I made a mistake in my first post, i said i saw a bulb that said high efficiency, i meant to say it said high intensity. So i wanted to know if you could use a high intensity bulb in a normal fixture, and if that would really make more light if you could. Also what are the numbers for on the bulbs? Like 8000k or 10,000k? i have no idea what they mean. Thank you for your replies


----------



## mec102778 (Feb 17, 2011)

Here's come good reading on Compact Fluorescent Lightbulbs.

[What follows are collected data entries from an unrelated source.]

(* For monomials $T$ of $K\{X\}_\infty$ define $K$-linear maps $\partial_T:K\{X\}_\infty\to K\{X\}_\infty$ by $\Delta_a(f)=\sum_T T\otimes\partial_T(f)$ (sum over all monomials $T$, including $T=1$, so $\partial_1=\mathrm{id}$). Then: (i) $\partial_S\circ\partial_T=\partial_T\circ\partial_S$ for all monomials $S,T$; (ii) for every $x_k\in X$, $\partial_{x_k}$ is the derivation $\partial_k$; (iii) for a monomial $T$ and $f_1,\dots,f_p\in K\{X\}_\infty$, $$\partial_T(\vee^p(f_1,\dots,f_p))=\sum_{\vee^p(T^1,\dots,T^p)=T}\vee^p\bigl(\partial_{T^1}(f_1),\dots,\partial_{T^p}(f_p)\bigr),$$ the sum running over all tuples of (possibly empty) monomials $T^1,\dots,T^p$ with $\vee^p(T^1,\dots,T^p)=T$. In particular, if $T=\vee^2(T^1,T^2)$ with $T^1,T^2\neq1$ and $f_1,f_2\in K\{X\}$, then $\partial_T(f_1\cdot f_2)=f_1\cdot\partial_T(f_2)+\partial_{T^1}(f_1)\cdot\partial_{T^2}(f_2)+\partial_T(f_1)\cdot f_2$.
   Context: $K$ is a field of characteristic $0$ and $X=\{x_1,x_2,\dots\}$ a finite or countable set of variables. A planar rooted tree is reduced if no vertex has exactly one incoming edge. $K\{X\}_\infty$ has basis the monomials: the empty tree $1$ and all planar reduced rooted trees with leaves labelled by elements of $X$; for $k\ge2$, $\vee^k$ grafts $k$ nonempty trees (in order) onto a new root, extended multilinearly, with unit conventions (arguments equal to $1$ are omitted, $\vee^1=\mathrm{id}$, $\vee^k(1,\dots,1)=1$). $K\{X\}$ is the span of $1$ and the binary trees, with $a\cdot b=\vee^2(a,b)$. $K\{X\}_\infty\otimes K\{X\}_\infty$ carries the operations componentwise, and $\Delta_a$ is the unique unital homomorphism for the $\vee^k$ with $\Delta_a(x_i)=x_i\otimes1+1\otimes x_i$. $\partial_k$ is the derivation with $\partial_k(x_l)=\delta_{kl}$, where a derivation $D$ satisfies $D(\vee^n(v_1,\dots,v_n))=\sum_i\vee^n(v_1,\dots,D(v_i),\dots,v_n)$ and $D|_K=0$. *)

theory Defs
  imports Main "HOL-Library.Poly_Mapping" "HOL-Library.Countable"
begin

text \<open>Nonempty planar rooted trees: a leaf labelled by a variable, or a root
with an ordered list of subtrees.  A monomial of K{X}_inf is either the empty
tree 1 (represented by None) or Some t with t a reduced tree.\<close>

datatype 'x tr = Lf 'x | Nd "'x tr list"

type_synonym 'x mono = "'x tr option"

fun reduced :: "'x tr \<Rightarrow> bool" where
  "reduced (Lf x) = True"
| "reduced (Nd ts) = (2 \<le> length ts \<and> (\<forall>t\<in>set ts. reduced t))"

fun binary :: "'x tr \<Rightarrow> bool" where
  "binary (Lf x) = True"
| "binary (Nd ts) = (length ts = 2 \<and> (\<forall>t\<in>set ts. binary t))"

definition monomials :: "'x mono set" where
  "monomials = {None} \<union> Some ` {t. reduced t}"

definition bin_monomials :: "'x mono set" where
  "bin_monomials = {None} \<union> Some ` {t. binary t}"

definition vee_m :: "'x mono list \<Rightarrow> 'x mono" where
  "vee_m Ts = (let us = map the (filter (\<lambda>T. T \<noteq> None) Ts) in
     (case us of [] \<Rightarrow> None | [u] \<Rightarrow> Some u | _ \<Rightarrow> Some (Nd us)))"

text \<open>Elements of K{X}_inf are finitely supported functions from monomials to K,
elements of K{X}_inf \<otimes> K{X}_inf are finitely supported functions on pairs of
monomials.\<close>

definition Kinf :: "('x mono \<Rightarrow>\<^sub>0 'k::field) set" where
  "Kinf = {f. Poly_Mapping.keys f \<subseteq> monomials}"

definition KX :: "('x mono \<Rightarrow>\<^sub>0 'k::field) set" where
  "KX = {f. Poly_Mapping.keys f \<subseteq> bin_monomials}"

definition mext :: "('m list \<Rightarrow> 'm) \<Rightarrow> ('m \<Rightarrow>\<^sub>0 'k::field) list \<Rightarrow> ('m \<Rightarrow>\<^sub>0 'k)" where
  "mext op fs = (\<Sum>ms\<in>listset (map Poly_Mapping.keys fs).
      Poly_Mapping.single (op ms) (prod_list (map2 Poly_Mapping.lookup fs ms)))"

definition lext :: "('m \<Rightarrow> ('n \<Rightarrow>\<^sub>0 'k::field)) \<Rightarrow> ('m \<Rightarrow>\<^sub>0 'k) \<Rightarrow> ('n \<Rightarrow>\<^sub>0 'k)" where
  "lext g f = (\<Sum>m\<in>Poly_Mapping.keys f. Poly_Mapping.map (\<lambda>c. Poly_Mapping.lookup f m * c) (g m))"

definition basis :: "'m \<Rightarrow> ('m \<Rightarrow>\<^sub>0 'k::field)" where
  "basis m = Poly_Mapping.single m 1"

definition vee :: "('x mono \<Rightarrow>\<^sub>0 'k::field) list \<Rightarrow> ('x mono \<Rightarrow>\<^sub>0 'k)" where
  "vee fs = mext vee_m fs"

definition mult :: "('x mono \<Rightarrow>\<^sub>0 'k::field) \<Rightarrow> ('x mono \<Rightarrow>\<^sub>0 'k) \<Rightarrow> ('x mono \<Rightarrow>\<^sub>0 'k)" where
  "mult a b = vee [a, b]"

definition vee_pair :: "('x mono \<times> 'x mono) list \<Rightarrow> 'x mono \<times> 'x mono" where
  "vee_pair ps = (vee_m (map fst ps), vee_m (map snd ps))"

definition vee2 :: "(('x mono \<times> 'x mono) \<Rightarrow>\<^sub>0 'k::field) list \<Rightarrow> (('x mono \<times> 'x mono) \<Rightarrow>\<^sub>0 'k)" where
  "vee2 fs = mext vee_pair fs"

text \<open>The unital homomorphism for all vee^k with x_i \<mapsto> x_i \<otimes> 1 + 1 \<otimes> x_i,
given by its values on the basis.\<close>

fun delta_tr :: "'x tr \<Rightarrow> (('x mono \<times> 'x mono) \<Rightarrow>\<^sub>0 'k::field)" where
  "delta_tr (Lf x) = basis (Some (Lf x), None) + basis (None, Some (Lf x))"
| "delta_tr (Nd ts) = vee2 (map delta_tr ts)"

definition delta_m :: "'x mono \<Rightarrow> (('x mono \<times> 'x mono) \<Rightarrow>\<^sub>0 'k::field)" where
  "delta_m T = (case T of None \<Rightarrow> basis (None, None) | Some t \<Rightarrow> delta_tr t)"

definition Delta_a :: "('x mono \<Rightarrow>\<^sub>0 'k::field) \<Rightarrow> (('x mono \<times> 'x mono) \<Rightarrow>\<^sub>0 'k)" where
  "Delta_a f = lext delta_m f"

text \<open>partial_T f is defined by Delta_a(f) = \<Sum>_T T \<otimes> partial_T(f).\<close>

definition dT :: "'x mono \<Rightarrow> ('x mono \<Rightarrow>\<^sub>0 'k::field) \<Rightarrow> ('x mono \<Rightarrow>\<^sub>0 'k)" where
  "dT T f = (\<Sum>p\<in>{p\<in>Poly_Mapping.keys (Delta_a f). fst p = T}.
               Poly_Mapping.single (snd p) (Poly_Mapping.lookup (Delta_a f) p))"

function der_tr :: "'x \<Rightarrow> 'x tr \<Rightarrow> ('x mono \<Rightarrow>\<^sub>0 'k::field)" where
  "der_tr k (Lf x) = (if x = k then basis None else 0)"
| "der_tr k (Nd ts) = (\<Sum>i<length ts.
      vee ((map (\<lambda>t. basis (Some t)) ts)[i := der_tr k (ts ! i)]))"
  by pat_completeness auto
termination
proof (relation "measure (\<lambda>(k, t). size t)")
  show "wf (measure (\<lambda>(k, t). size t))" by simp
next
  fix k :: 'x and ts :: "'x tr list" and i
  assume "i \<in> {..<length ts}"
  then have "ts ! i \<in> set ts" by simp
  then have "size (ts ! i) \<le> size_list size ts" by (rule size_list_estimation') simp
  then show "((k, ts ! i), k, Nd ts) \<in> measure (\<lambda>(k, t). size t)" by simp
qed

definition der_m :: "'x \<Rightarrow> 'x mono \<Rightarrow> ('x mono \<Rightarrow>\<^sub>0 'k::field)" where
  "der_m k T = (case T of None \<Rightarrow> 0 | Some t \<Rightarrow> der_tr k t)"

definition der :: "'x \<Rightarrow> ('x mono \<Rightarrow>\<^sub>0 'k::field) \<Rightarrow> ('x mono \<Rightarrow>\<^sub>0 'k)" where
  "der k f = lext (der_m k) f"

end

theory Submission
  imports Defs
begin

text \<open>By construction \<open>Delta_a\<close> is a homomorphism for every \<open>vee\<^sup>p\<close>: it is defined
on a tree by grafting the coproducts of its subtrees, and \<open>vee\<^sup>p\<close> on the tensor square
is the componentwise multilinear extension.  Collecting the terms with left tensor factor
\<open>T\<close> in \<open>Delta_a (vee\<^sup>p(f\<^sub>1,\<dots>,f\<^sub>p)) = vee\<^sup>p(Delta_a f\<^sub>1,\<dots>,Delta_a f\<^sub>p)\<close>
gives (iii) at once.  Since every tree with at least two subtrees is the graft of its
subtrees, (iii) drives an induction on trees: \<open>\<partial>\<^sub>1\<close> is the identity, \<open>\<partial>\<^sub>x\<^sub>k\<close>
obeys the recursion defining the derivation \<open>\<partial>\<^sub>k\<close>, and \<open>\<partial>\<^sub>S(\<partial>\<^sub>T(t))\<close> becomes a
double sum over factorizations of \<open>S\<close> and \<open>T\<close> which is symmetric once \<open>\<partial>\<^sub>S\<close> and
\<open>\<partial>\<^sub>T\<close> commute on the subtrees.  The product rule is (iii) for \<open>p = 2\<close>: a tree
\<open>vee\<^sup>2(T\<^sub>1,T\<^sub>2)\<close> with \<open>T\<^sub>1,T\<^sub>2 \<noteq> 1\<close> factors in exactly three ways.\<close>

definition pm_scale :: "'k::field \<Rightarrow> ('m \<Rightarrow>\<^sub>0 'k) \<Rightarrow> ('m \<Rightarrow>\<^sub>0 'k)" where
  "pm_scale c g = Poly_Mapping.map (\<lambda>x. c * x) g"

lemma lookup_pm_scale [simp]: "Poly_Mapping.lookup (pm_scale c g) y = c * Poly_Mapping.lookup g y"
  by (simp add: pm_scale_def map.rep_eq when_def)

lemma pm_scale_zero [simp]: "pm_scale c 0 = 0"
  by (rule poly_mapping_eqI) simp

lemma pm_scale_one [simp]: "pm_scale 1 f = f"
  by (rule poly_mapping_eqI) simp

lemma pm_scale_single: "pm_scale c (Poly_Mapping.single a d) = Poly_Mapping.single a (c * d)"
  by (rule poly_mapping_eqI) (simp add: lookup_single when_def)

lemma pm_scale_sum: "pm_scale c (sum F A) = (\<Sum>a\<in>A. pm_scale c (F a))"
  by (rule poly_mapping_eqI) (simp add: lookup_sum sum_distrib_left)

lemma pm_scale_pm_scale: "pm_scale c (pm_scale d f) = pm_scale (c * d) f"
  by (rule poly_mapping_eqI) (simp add: algebra_simps)

lemma lext_eq_sum_pm_scale:
  "lext R f = (\<Sum>m\<in>Poly_Mapping.keys f. pm_scale (Poly_Mapping.lookup f m) (R m))"
  by (simp add: lext_def pm_scale_def)

lemma lookup_lext_keys:
  "Poly_Mapping.lookup (lext R f) y
     = (\<Sum>m\<in>Poly_Mapping.keys f. Poly_Mapping.lookup f m * Poly_Mapping.lookup (R m) y)"
  by (simp add: lext_eq_sum_pm_scale lookup_sum)

lemma lookup_lext:
  assumes "finite M" "Poly_Mapping.keys f \<subseteq> M"
  shows "Poly_Mapping.lookup (lext R f) y
           = (\<Sum>m\<in>M. Poly_Mapping.lookup f m * Poly_Mapping.lookup (R m) y)"
  unfolding lookup_lext_keys
  using assms by (intro sum.mono_neutral_left) (auto simp: in_keys_iff)

lemma lext_zero [simp]: "lext R 0 = 0"
  by (simp add: lext_def)

lemma lext_add: "lext R (f + g) = lext R f + lext R g"
proof (rule poly_mapping_eqI)
  fix y
  let ?M = "Poly_Mapping.keys f \<union> Poly_Mapping.keys g"
  have "Poly_Mapping.keys (f + g) \<subseteq> ?M" by (rule keys_add)
  then show "Poly_Mapping.lookup (lext R (f + g)) y = Poly_Mapping.lookup (lext R f + lext R g) y"
    unfolding lookup_add
    by (subst (1 2 3) lookup_lext[where M = ?M]) (auto simp: lookup_add algebra_simps sum.distrib)
qed

lemma lext_sum: "lext R (sum F A) = (\<Sum>a\<in>A. lext R (F a))"
  by (induction A rule: infinite_finite_induct) (auto simp: lext_add)

lemma lext_single: "lext R (Poly_Mapping.single m c) = pm_scale c (R m)"
  by (rule poly_mapping_eqI) (simp add: lookup_lext[where M = "{m}"] lookup_single when_def)

lemma lext_basis [simp]: "lext R (basis m) = R m"
  by (simp add: basis_def lext_single)

lemma lext_cong: "(\<And>m. m \<in> Poly_Mapping.keys f \<Longrightarrow> R m = R' m) \<Longrightarrow> lext R f = lext R' f"
  by (simp add: lext_def)

lemma lext_basis_id: "lext basis f = f"
proof (rule poly_mapping_eqI)
  fix k
  show "Poly_Mapping.lookup (lext basis f) k = Poly_Mapping.lookup f k"
    by (cases "k \<in> Poly_Mapping.keys f")
      (simp_all add: lookup_lext_keys basis_def lookup_single when_def in_keys_iff if_distrib
         sum.delta cong: if_cong)
qed

lemma keys_lext: "Poly_Mapping.keys (lext R f) \<subseteq> (\<Union>m\<in>Poly_Mapping.keys f. Poly_Mapping.keys (R m))"
proof
  fix y assume "y \<in> Poly_Mapping.keys (lext R f)"
  then have "(\<Sum>m\<in>Poly_Mapping.keys f. Poly_Mapping.lookup f m * Poly_Mapping.lookup (R m) y) \<noteq> 0"
    by (simp add: in_keys_iff lookup_lext_keys)
  then obtain m where "m \<in> Poly_Mapping.keys f" "Poly_Mapping.lookup (R m) y \<noteq> 0"
    by (metis (no_types, lifting) mult_zero_right sum.neutral)
  then show "y \<in> (\<Union>m\<in>Poly_Mapping.keys f. Poly_Mapping.keys (R m))" by (auto simp: in_keys_iff)
qed

lemma lext_lext: "lext Q (lext R f) = lext (\<lambda>m. lext Q (R m)) f"
proof (rule poly_mapping_eqI)
  fix y
  let ?N = "\<Union>m\<in>Poly_Mapping.keys f. Poly_Mapping.keys (R m)"
  let ?c = "\<lambda>m n. Poly_Mapping.lookup f m * Poly_Mapping.lookup (R m) n * Poly_Mapping.lookup (Q n) y"
  have "Poly_Mapping.lookup (lext Q (lext R f)) y
      = (\<Sum>n\<in>?N. Poly_Mapping.lookup (lext R f) n * Poly_Mapping.lookup (Q n) y)"
    by (rule lookup_lext[OF _ keys_lext]) auto
  also have "\<dots> = (\<Sum>m\<in>Poly_Mapping.keys f. \<Sum>n\<in>?N. ?c m n)"
    by (simp add: lookup_lext_keys sum_distrib_right sum.swap[of _ ?N])
  also have "\<dots> = (\<Sum>m\<in>Poly_Mapping.keys f. Poly_Mapping.lookup f m * Poly_Mapping.lookup (lext Q (R m)) y)"
  proof (rule sum.cong[OF refl])
    fix m assume "m \<in> Poly_Mapping.keys f"
    then have "Poly_Mapping.lookup (lext Q (R m)) y
        = (\<Sum>n\<in>?N. Poly_Mapping.lookup (R m) n * Poly_Mapping.lookup (Q n) y)"
      by (intro lookup_lext) auto
    then show "(\<Sum>n\<in>?N. ?c m n) = Poly_Mapping.lookup f m * Poly_Mapping.lookup (lext Q (R m)) y"
      by (simp add: sum_distrib_left mult.assoc)
  qed
  also have "\<dots> = Poly_Mapping.lookup (lext (\<lambda>m. lext Q (R m)) f) y"
    by (simp add: lookup_lext_keys)
  finally show "Poly_Mapping.lookup (lext Q (lext R f)) y = Poly_Mapping.lookup (lext (\<lambda>m. lext Q (R m)) f) y" .
qed

lemma lext_sum_fun: "lext (\<lambda>p. \<Sum>a\<in>A. F a p) g = (\<Sum>a\<in>A. lext (F a) g)"
  by (rule poly_mapping_eqI) (simp add: lookup_lext_keys lookup_sum sum_distrib_left sum.swap[of _ A])

lemma lext_pm_scale_fun: "lext (\<lambda>p. pm_scale c (F p)) g = pm_scale c (lext F g)"
  by (rule poly_mapping_eqI) (simp add: lookup_lext_keys sum_distrib_left algebra_simps)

SHO CFL: Compact fluorescent lamps cling to relevance with Super High Output (SHO) bulbs


----------



## beaslbob (May 29, 2009)

gb2002 said:


> I made a mistake in my first post, i said i saw a bulb that said high efficiency, i meant to say it said high intensity. So i wanted to know if you could use a high intensity bulb in a normal fixture, and if that would really make more light if you could. * Also what are the numbers for on the bulbs? Like 8000k or 10,000k? *i have no idea what they mean. Thank you for your replies


just to get really really nerdy the K is for the degrees kelvin a perfect black body radiator would be heated up to the give out the same light. So it is the color spectrum of the light. Higher kelvins more blue light.

In aquariums higher K light is close to what you would see at depth. At 30' or so the light has been filtered down to a blue color.


my .02


----------



## phys (Feb 4, 2011)

you cant put a high inensity light ( like a VHO) into a regular (HO or less) light if they are the standard T8 bulbs. You'll have to change the ballast. 

LEDs do work well with deeper tanks, you just need to get more LEDs as you would with any bulb. You cant get a normal LED and expect it to work. You'd have to go with at least the 1 watt LEDs to do anything helpful. They are expensive but if you know how or can learn how to solder, you can build one for a quite a bit cheaper than purchasing one. If you want to see some kits or prices go to Aquarium Lighting | LED Aquarium Lighting. I just bought some from there and am waiting for them for my reef tank. They have super simple kits that are a great price in comparison to many other light sources.

FYI, a single 3 watt LED has close to the same output (driven at the right current and voltage) as a screw in 15 watt 6500k CFL. 

The different kelvin values just tell you where the peak intensity of the light source and integrated over half the height of the peak is emitted. It doesnt mean that the light is only in the blue or only in the red. It just outputs more intensely in the blue, yellow, red, etc wavelengths. For a planted tank, 6500K is sufficiant.


----------



## Niki7 (Aug 16, 2010)

I have the same tank that you have (20H) and I am assuming you are using the hood that came with it? That hood is pretty much useless. The bulb doesn't even go to the ends of the fixture housing so there are lots of dark spots, besides being not even 1 watt per gallon. I just bought a new T5HO along with the versatop and my info is on the Planted Tank topic page if you're interested. Are you going planted?


----------